- Born: c. 1941
- Died: January 13, 2018 (66-67 aged) Nuevo Laredo, Tamaulipas, Mexico
- Cause of death: Murder
- Burial place: Nuxco, Tecpan de Galeana, Guerrero, Mexico
- Occupation: Journalist
- Years active: 38 years
- Employer: Diario de Nuevo Laredo
- Known for: Political columnist

= Carlos Domínguez Rodríguez =

Mexican journalist and political columnist

Carlos Domínguez Rodríguez (c. 1941 – January 13, 2018) was a Mexican journalist and political columnist in Nuevo Laredo, Tamaulipas, best known for his column in the Diario de Nuevo Laredo, as well his opinion columns for news websites, before he was murdered.

== Personal ==
Carlos Domínguez Rodriguez was a 77-year-old journalist who wrote about politics. He was married and had two children, a son and daughter. His son was married and the couple had a child, a grandchild. He resided in Nuevo Laredo, Tamaulipas, for most of his life. His body was buried in Nuxco, Tecpan de Galeana, Guerrero.

== Career ==
Domínguez Rodríguez practiced politically committed journalism for nearly 40 years. Although best known for his political column for the Diario de Nuevo Laredo, he also reported for the Noreste Digital and Horizonte de Matamoros, which were popular news websites. He was also known for being an independent journalist who lamented on political violence.

== Death ==

Carlos Domínguez Rodriguez was murdered around 3 p.m. on January 13, 2018. The journalist was attacked while at a stopped traffic light in his Ford Focus. He was taken out of his car and stabbed. Domínguez Rodríguez was later determined to have died from 21 stab wounds to his body. In the aftermath it was not known how many attackers were involved as the men were masked. One of four people in the car, Domínguez Rodríguez was slain in front of his son, daughter-in-law, and grandchild, but only the journalist was attacked.

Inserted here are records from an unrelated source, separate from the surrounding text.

(* Write q for the size of the field, n = CARD('n) and H = W_(n-1). The flags V' with
   f_1(W, V') = 1 are W itself and, for g in [1, n-1] and v outside H, the flags W^(g,v) with
   W^(g,v)_r = W_r for r < g and W^(g,v)_r = W_(r-1) + <v> for r >= g; this flag is determined by
   W_(g-1) + <v>, so it arises from exactly the q^g - q^(g-1) vectors of that space outside
   W_(g-1). Writing a_r (the level of V'_r) for the least i with V'_r contained in V_i, the pair
   (V', V) lies in X_t iff a_1 < ... < a_(n-t).
   For g > n-t the flag W^(g,v) agrees with W up to n-t, so these flags and W itself contribute
   (1 + q + ... + q^(t-1)) f_t(W, V). For g <= n-t the flag W^(g,v) lies in X_t iff (W, V) lies in
   X_(t+1) and v lies in V_(b_g) but not in V_(a_(g-1)), where a_r now refers to W and
   b_g = a_g - 1 (b_g = n for g = n-t). Counting such v outside H, the contributions of the g <= n-t
   telescope to q^t, because V_(a-1) meets the complement of H in 1/q as many lines as V_a
   whenever a is the level of a subspace of H. *)

section \<open>Subspaces of a finite vector space\<close>

lemma card_span_insert:
  fixes B :: "('a::{field,finite}^'n) set"
  assumes b: "b \<notin> vec.span B"
  shows "card (vec.span (insert b B)) = CARD('a) * card (vec.span B)"
proof -
  let ?f = "\<lambda>(k, y). k *s b + y"
  have image: "vec.span (insert b B) = ?f ` (UNIV \<times> vec.span B)"
  proof safe
    fix x assume "x \<in> vec.span (insert b B)"
    then obtain k where "x - k *s b \<in> vec.span B" using vec.span_breakdown_eq by blast
    then show "x \<in> ?f ` (UNIV \<times> vec.span B)"
      by (intro image_eqI[of _ _ "(k, x - k *s b)"]) auto
  next
    fix k y assume "y \<in> vec.span B"
    then show "k *s b + y \<in> vec.span (insert b B)"
      by (meson insertI1 subsetD subset_insertI vec.span_add vec.span_base vec.span_mono vec.span_scale)
  qed
  have "inj_on ?f (UNIV \<times> vec.span B)"
  proof (rule inj_onI, clarify)
    fix k y k' y' assume y: "y \<in> vec.span B" "y' \<in> vec.span B" and eq: "k *s b + y = k' *s b + y'"
    show "k = k' \<and> y = y'"
    proof (rule ccontr)
      assume "\<not> (k = k' \<and> y = y')"
      then have "k \<noteq> k'" using eq by auto
      have diff: "(k - k') *s b = y' - y" using eq by (simp add: algebra_simps)
      have "b = inverse (k - k') *s ((k - k') *s b)"
        using \<open>k \<noteq> k'\<close> by (simp only: vec.scale_scale) simp
      also have "\<dots> = inverse (k - k') *s (y' - y)" by (simp only: diff)
      also have "\<dots> \<in> vec.span B" using y by (intro vec.span_scale vec.span_diff)
      finally show False using b by simp
    qed
  qed
  then show ?thesis by (simp add: image card_image card_cartesian_product)
qed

Domínguez Rodríguez had been working on controversial political columns, and the motive related to his journalistic work was investigated. Domínguez Rodríguez had not reported receiving any threats or requested security.

The Tamaulipas State Attorney General Irving Barrios announced March 28, 2018 the arrests of six suspects. Two of the six allegedly blocked Domínguez’s Ford, forced him out of the car and stabbed him and four of the six were allegedly involved in the planning. One of the planners was identified as Rodolfo Jorge Alfredo Cantú García, who was the relative of a former mayor who Domínguez Rodríguez had criticized in his articles. Barrios announced that his killing was related to his columns.

== Context ==
Carlos Domínguez Rodríguez was a political writer who wrote about the city of Nuevo Laredo, the state of Tamaulipas, as well as national Mexican politics. The last murder of a journalist in the state of Tamaulipas was Zamira Esther Bautista on June 20, 2016.

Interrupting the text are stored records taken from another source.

lemma wbinom_table_vanish:
  assumes "0 \<le> n" and "k < 0 \<or> n < k"
  shows "wbinom_table w n k = 0"
  using assms
proof (induction n arbitrary: k rule: int_ge_induct)
  case base
  then show ?case by (auto simp: wbinom_table_0)
next
  case (step i)
  then show ?case by (auto simp: wbinom_table_pos)
qed

lemma wbinom_table_col_0:
  assumes nz: "\<forall>s t. w s t \<noteq> 0"
  shows "wbinom_table w n 0 = 1"
proof (cases "0 \<le> n")
  case True
  then show ?thesis
    by (induction n rule: int_ge_induct) (simp_all add: wbinom_table_0 wbinom_table_pos wbinom_table_vanish)
next
  case False
  then show ?thesis using row_below_spec(2)[OF nz] by (simp add: wbinom_table_neg)
qed

lemma wbinom_table_diag:
  assumes nz: "\<forall>s t. w s t \<noteq> 0"
  shows "wbinom_table w n n = 1"
proof (cases "0 \<le> n")
  case True
  then show ?thesis
    by (induction n rule: int_ge_induct) (simp_all add: wbinom_table_0 wbinom_table_pos wbinom_table_vanish)
next
  case False
  have "wbinom_table w (- 1) (- 1) = 1" using row_below_spec(1)[OF nz] by (simp add: wbinom_table_neg)
  from wbinom_rec_diag_neg[OF wbinom_rec_wbinom_table[OF nz] _ nz this] False
  show ?thesis by (simp add: wbinom_table_col_0[OF nz])
qed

Press freedom organizations like the Committee to Protect Journalists insist that the violence has created a self imposed "silence zone" for journalists in order to avoid attacks and murder. Domínguez Rodríguez's political articles were important enough to get him killed in the end and criminal organizations were not involved.

== Impact ==
A wave of violence towards journalists hit Mexico in 2017, and 10 journalists, including Rodriguez, were murdered within a year. Multiple investigations have been launched to find the source of all of this violence.

Domínguez Rodríguez death was among the first murder of a media worker in Mexico in 2018, as a former editor Jose Gerardo Martinez was killed in Mexico City a week earlier. It added to the wave of violence in one of the world’s most dangerous countries for media workers.

== Reactions ==
Audrey Azoulay, director-general of UNESCO, said, "I condemn the assassination of Carlos Domínguez Rodríguez in Mexico and urge the authorities to ensure an effective investigation,” “Bringing journalists’ killers to justice is crucial to end violence against those who defend the public’s right to know."

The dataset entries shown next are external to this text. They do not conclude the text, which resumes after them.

lemma has_real_derivative_norm_add_scaleR_axis:
  fixes y :: "real^'n::finite"
  assumes "y \<noteq> 0"
  shows "((\<lambda>t. norm (y + t *\<^sub>R axis i 1)) has_real_derivative y$i / norm y) (at 0)"
proof -
  have "((\<lambda>t. sqrt ((norm y)\<^sup>2 + 2 * t * y$i + t\<^sup>2)) has_real_derivative
      inverse (sqrt ((norm y)\<^sup>2)) / 2 * (2 * y$i)) (at 0)"
    using assms by (auto intro!: derivative_eq_intros)
  then show ?thesis by (simp add: norm_add_scaleR_axis field_simps)
qed

lemma eventually_add_scaleR_axis_nonzero:
  fixes y :: "real^'n::finite"
  assumes "y \<noteq> 0"
  shows "\<forall>\<^sub>F t in nhds 0. y + t *\<^sub>R axis i 1 \<noteq> 0"
proof (rule tendsto_imp_eventually_ne)
  show "((\<lambda>t. y + t *\<^sub>R axis i 1) \<longlongrightarrow> y) (nhds 0)"
    by (auto intro!: tendsto_eq_intros filterlim_ident)
qed (fact assms)

lemma partial_deriv_radial:
  fixes g :: "real^'n::finite \<Rightarrow> real"
  assumes g: "\<And>y. y \<noteq> 0 \<Longrightarrow> g y = \<phi> (norm y)"
    and \<phi>: "\<And>r. r > 0 \<Longrightarrow> (\<phi> has_real_derivative \<phi>' r) (at r)"
    and y: "y \<noteq> 0"
  shows "partial_deriv i g y = \<phi>' (norm y) * y$i / norm y"
proof -
  have "\<forall>\<^sub>F t in nhds 0. g (y + t *\<^sub>R axis i 1) = \<phi> (norm (y + t *\<^sub>R axis i 1))"
    using eventually_add_scaleR_axis_nonzero[OF y, of i] by (rule eventually_mono) (simp add: g)
  moreover have "((\<lambda>t. \<phi> (norm (y + t *\<^sub>R axis i 1))) has_real_derivative \<phi>' (norm y) * (y$i / norm y)) (at 0)"
    using \<phi> y has_real_derivative_norm_add_scaleR_axis[OF y] by (intro DERIV_chain2[where f = \<phi>]) auto
  ultimately have "((\<lambda>t. g (y + t *\<^sub>R axis i 1)) has_real_derivative \<phi>' (norm y) * (y$i / norm y)) (at 0)"
    by (subst DERIV_cong_ev[OF refl _ refl])
  then show ?thesis unfolding partial_deriv_def by (simp add: DERIV_imp_deriv)
qed

lemma partial_deriv_partial_deriv_radial:
  fixes g :: "real^'n::finite \<Rightarrow> real"
  assumes g: "\<And>y. y \<noteq> 0 \<Longrightarrow> g y = \<phi> (norm y)"
    and \<phi>: "\<And>r. r > 0 \<Longrightarrow> (\<phi> has_real_derivative \<phi>' r) (at r)"
    and \<phi>': "\<And>r. r > 0 \<Longrightarrow> (\<phi>' has_real_derivative \<phi>'' r) (at r)"
    and x: "x \<noteq> 0"
  shows "partial_deriv i (partial_deriv i g) x =
    \<phi>'' (norm x) * (x$i)\<^sup>2 / (norm x)\<^sup>2 + \<phi>' (norm x) * (1 / norm x - (x$i)\<^sup>2 / norm x ^ 3)"
    (is "_ = ?D")
proof -
  let ?z = "\<lambda>t. x + t *\<^sub>R axis i (1::real)"
  have nx: "norm x > 0" using x by simp
  have "\<forall>\<^sub>F t in nhds 0. partial_deriv i g (?z t) = \<phi>' (norm (?z t)) * (x$i + t) / norm (?z t)"
    using eventually_add_scaleR_axis_nonzero[OF x, of i] by (rule eventually_mono) (simp add: partial_deriv_radial[OF g \<phi>])
  moreover have "((\<lambda>t. \<phi>' (norm (?z t)) * (x$i + t) / norm (?z t)) has_real_derivative ?D) (at 0)"
  proof -
    note norm_z = has_real_derivative_norm_add_scaleR_axis[OF x, of i]
    have "((\<lambda>t. \<phi>' (norm (?z t))) has_real_derivative \<phi>'' (norm x) * (x$i / norm x)) (at 0)"
      using \<phi>' nx norm_z by (intro DERIV_chain2[where f = \<phi>']) auto
    from this norm_z show ?thesis
      by (rule DERIV_cong[OF DERIV_divide[OF DERIV_mult[OF _ DERIV_add[OF DERIV_const DERIV_ident]]]])
        (use nx in \<open>simp_all add: field_simps power2_eq_square power3_eq_cube\<close>)
  qed
  ultimately have "((\<lambda>t. partial_deriv i g (?z t)) has_real_derivative ?D) (at 0)"
    by (subst DERIV_cong_ev[OF refl _ refl])
  then show ?thesis unfolding partial_deriv_def[of i "partial_deriv i g"] by (simp add: DERIV_imp_deriv)
qed

lemma laplacian_radial:
  fixes g :: "real^'n::finite \<Rightarrow> real"
  assumes g: "\<And>y. y \<noteq> 0 \<Longrightarrow> g y = \<phi> (norm y)"
    and \<phi>: "\<And>r. r > 0 \<Longrightarrow> (\<phi> has_real_derivative \<phi>' r) (at r)"
    and \<phi>': "\<And>r. r > 0 \<Longrightarrow> (\<phi>' has_real_derivative \<phi>'' r) (at r)"
    and x: "x \<noteq> 0"
  shows "laplacian g x = \<phi>'' (norm x) + (real CARD('n) - 1) / norm x * \<phi>' (norm x)"
proof -
  have nx: "norm x > 0" using x by simp
  have sum_sq: "(\<Sum>i\<in>UNIV. (x$i)\<^sup>2) = (norm x)\<^sup>2"
    unfolding power2_norm_eq_inner inner_vec_def by (simp add: power2_eq_square)
  have "partial_deriv i (partial_deriv i g) x = \<phi>'' (norm x) / (norm x)\<^sup>2 * (x$i)\<^sup>2 +
      (\<phi>' (norm x) / norm x - \<phi>' (norm x) / norm x ^ 3 * (x$i)\<^sup>2)" for i
    using partial_deriv_partial_deriv_radial[OF g \<phi> \<phi>' x, of i] by (simp add: algebra_simps)
  then have "laplacian g x = (\<Sum>i\<in>UNIV. \<phi>'' (norm x) / (norm x)\<^sup>2 * (x$i)\<^sup>2 +
      (\<phi>' (norm x) / norm x - \<phi>' (norm x) / norm x ^ 3 * (x$i)\<^sup>2))"
    unfolding laplacian_def by simp
  also have "\<dots> = \<phi>'' (norm x) / (norm x)\<^sup>2 * (norm x)\<^sup>2 +
      (real CARD('n) * (\<phi>' (norm x) / norm x) - \<phi>' (norm x) / norm x ^ 3 * (norm x)\<^sup>2)"
    by (simp add: sum.distrib sum_subtractf sum_distrib_left sum_sq[symmetric])
  also have "\<dots> = \<phi>'' (norm x) + (real CARD('n) - 1) / norm x * \<phi>' (norm x)"
    using nx by (simp add: field_simps power2_eq_square power3_eq_cube)
  finally show ?thesis .
qed

definition radial_sum :: "(nat \<times> nat) set \<Rightarrow> (nat \<Rightarrow> nat \<Rightarrow> real) \<Rightarrow> (nat \<Rightarrow> real \<Rightarrow> real) \<Rightarrow> real \<Rightarrow> real" where
  "radial_sum S a F r = (\<Sum>(i,j)\<in>S. a i j * (F i r / r ^ j))"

Tamaulipas Governor Francisco Javier García Cabeza de Vaca said, "My condolences to the family of the journalist Carlos Domingues Rodriguez. My commitment to them and the journalistic community of Tamaulipas is that this murder will not go unpunished."

Emmanuel Colombié, the head of Reporters Without Borders Latin America bureau, said, "It is alarming to see that, for Mexico’s journalists, 2018 is beginning as badly as 2017 ended. ... For Carlos’ colleagues, there is no doubt that his assassination is linked to his journalistic work."

Alexandra Ellerbeck, CPJ's North American program coordinator, said, "Mexican authorities must swiftly investigate the murder of Carlos Domínguez Rodríguez, and bring all of those responsible to justice. Until the Mexican government decides to change the pattern of impunity in the country, criminals will continue to get away with killing journalists."

A statement from the General Justice Prosecutor's Office stated, "The state's government will take firm action against any attack on freedom of speech and the work of journalists."